Print the lines of the data, starting with the first, up to and including the line where "Poly_Mapping.single k 1) k)" appears.

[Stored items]
+-------+
lemma eps_coeff_tau_subst_Suc:
  "eps_coeff_tau_subst (Suc n) tau m
    = eps_coeff_tau_subst n (tderiv (Poly_Mapping.lookup m n + 1) tau) (Poly_Mapping.update n 0 m)"
proof -
  define k where "k = Poly_Mapping.lookup m n + 1"
  let ?c = "\<lambda>n a m. Poly_Mapping.lookup (eval_monomial a (tsub n)) (xeps_monom n m)"
  have "eps_coeff_tau_subst (Suc n) tau m
      = (\<Sum>a. tau a * of_nat (Poly_Mapping.lookup a k)
          * ?c n (a - Poly_Mapping.single k 1) (Poly_Mapping.update n 0 m))"
    by (simp add: eps_coeff_tau_subst_def tau_subst_eq_Sum_any
        lookup_eval_monomial_tsub_Suc_xeps_monom_Suc k_def mult.assoc)
  also have "\<dots> = (\<Sum>b. tau (b + Poly_Mapping.single k 1)
      * of_nat (Poly_Mapping.lookup (b + Poly_Mapping.single k 1) k)
      * ?c n (b + Poly_Mapping.single k 1 - Poly_Mapping.single k 1) (Poly_Mapping.update n 0 m))"
    by (rule Sum_any_shift_single) simp
  also have "\<dots> = (\<Sum>b. tau (b + Poly_Mapping.single k 1) * of_nat (Poly_Mapping.lookup b k + 1)
      * ?c n b (Poly_Mapping.update n 0 m))"
    by (simp add: lookup_add)
  also have "\<dots> = eps_coeff_tau_subst n (tderiv k tau) (Poly_Mapping.update n 0 m)"
    by (simp add: eps_coeff_tau_subst_def tau_subst_eq_Sum_any tderiv_def ac_simps)
  finally show ?thesis by (simp add: k_def)
qed

lemma eps_coeff_tau_subst_0:
  "eps_coeff_tau_subst 0 tau m = (if m = 0 then tau 0 else 0)"
proof -
  have "eval_monomial a (tsub 0) = (if a = 0 then 1 else (0 :: 'a xepoly))" for a
  proof (cases "a = 0")
    case False
    then obtain l where "l \<in> Poly_Mapping.keys a"
      by fastforce
    then have "(\<Prod>l\<in>Poly_Mapping.keys a. tsub 0 l ^ Poly_Mapping.lookup a l) = (0 :: 'a xepoly)"
      by (intro prod_zero) (auto simp: tsub_def in_keys_iff power_0_left intro!: bexI[of _ l])
    then show ?thesis
      using False by (simp add: eval_monomial_def)
  qed (simp add: eval_monomial_def)
  moreover have "xeps_monom 0 m = 0 \<longleftrightarrow> m = 0"
  proof
    assume "xeps_monom 0 m = 0"
    then show "m = 0"
      by (intro poly_mapping_eqI) (metis lookup_xeps_monom_Inl lookup_zero)
  qed (simp add: xeps_monom_def)
  ultimately have "tau a * Poly_Mapping.lookup (eval_monomial a (tsub 0)) (xeps_monom 0 m)
      = (if a = 0 then (if m = 0 then tau 0 else 0) else 0)" for a
    by (simp add: lookup_one when_def)
  then show ?thesis
    by (simp add: eps_coeff_tau_subst_def tau_subst_eq_Sum_any)
qed

lemma W_0: "W 0 tau m = (if m = 0 then tau 0 else 0)"
  by (simp add: W_def)

lemma W_Suc:
  fixes tau :: "'a::comm_semiring_1 tseries"
  shows "W (Suc n) tau m
    = W n (tderiv (Poly_Mapping.lookup m n + 1) tau) (Poly_Mapping.update n 0 m)"
proof -
  have "Poly_Mapping.keys (Poly_Mapping.update n 0 m) \<subseteq> {..<n} \<longleftrightarrow> Poly_Mapping.keys m \<subseteq> {..<Suc n}"
    by (auto simp: keys_update)
  moreover have "foldr (\<lambda>i. tderiv (Poly_Mapping.lookup m i + 1)) [0..<n] tau'
      = foldr (\<lambda>i. tderiv (Poly_Mapping.lookup (Poly_Mapping.update n 0 m) i + 1)) [0..<n] tau'"
    for tau' :: "'a tseries"
    by (rule foldr_cong) (auto simp: lookup_update)
  ultimately show ?thesis
    by (simp add: W_def)
qed

theorem proposition4p10:
  fixes tau :: "'a::field_char_0 tseries" and n :: nat
  assumes "n \<ge> 1"
  shows "W n tau = eps_coeff_tau_subst n tau"
proof -
  have "W n tau' m = eps_coeff_tau_subst n tau' m" for tau' :: "'a tseries" and m
    by (induction n arbitrary: tau' m)
      (simp_all add: W_0 eps_coeff_tau_subst_0 W_Suc eps_coeff_tau_subst_Suc)
  then show ?thesis by (simp add: fun_eq_iff)
qed

end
+-------+
#### Task output
lemma eps_coeff_tau_subst_Suc:
  "eps_coeff_tau_subst (Suc n) tau m
    = eps_coeff_tau_subst n (tderiv (Poly_Mapping.lookup m n + 1) tau) (Poly_Mapping.update n 0 m)"
proof -
  define k where "k = Poly_Mapping.lookup m n + 1"
  let ?c = "\<lambda>n a m. Poly_Mapping.lookup (eval_monomial a (tsub n)) (xeps_monom n m)"
  have "eps_coeff_tau_subst (Suc n) tau m
      = (\<Sum>a. tau a * of_nat (Poly_Mapping.lookup a k)
          * ?c n (a - Poly_Mapping.single k 1) (Poly_Mapping.update n 0 m))"
    by (simp add: eps_coeff_tau_subst_def tau_subst_eq_Sum_any
        lookup_eval_monomial_tsub_Suc_xeps_monom_Suc k_def mult.assoc)
  also have "\<dots> = (\<Sum>b. tau (b + Poly_Mapping.single k 1)
      * of_nat (Poly_Mapping.lookup (b + Poly_Mapping.single k 1) k)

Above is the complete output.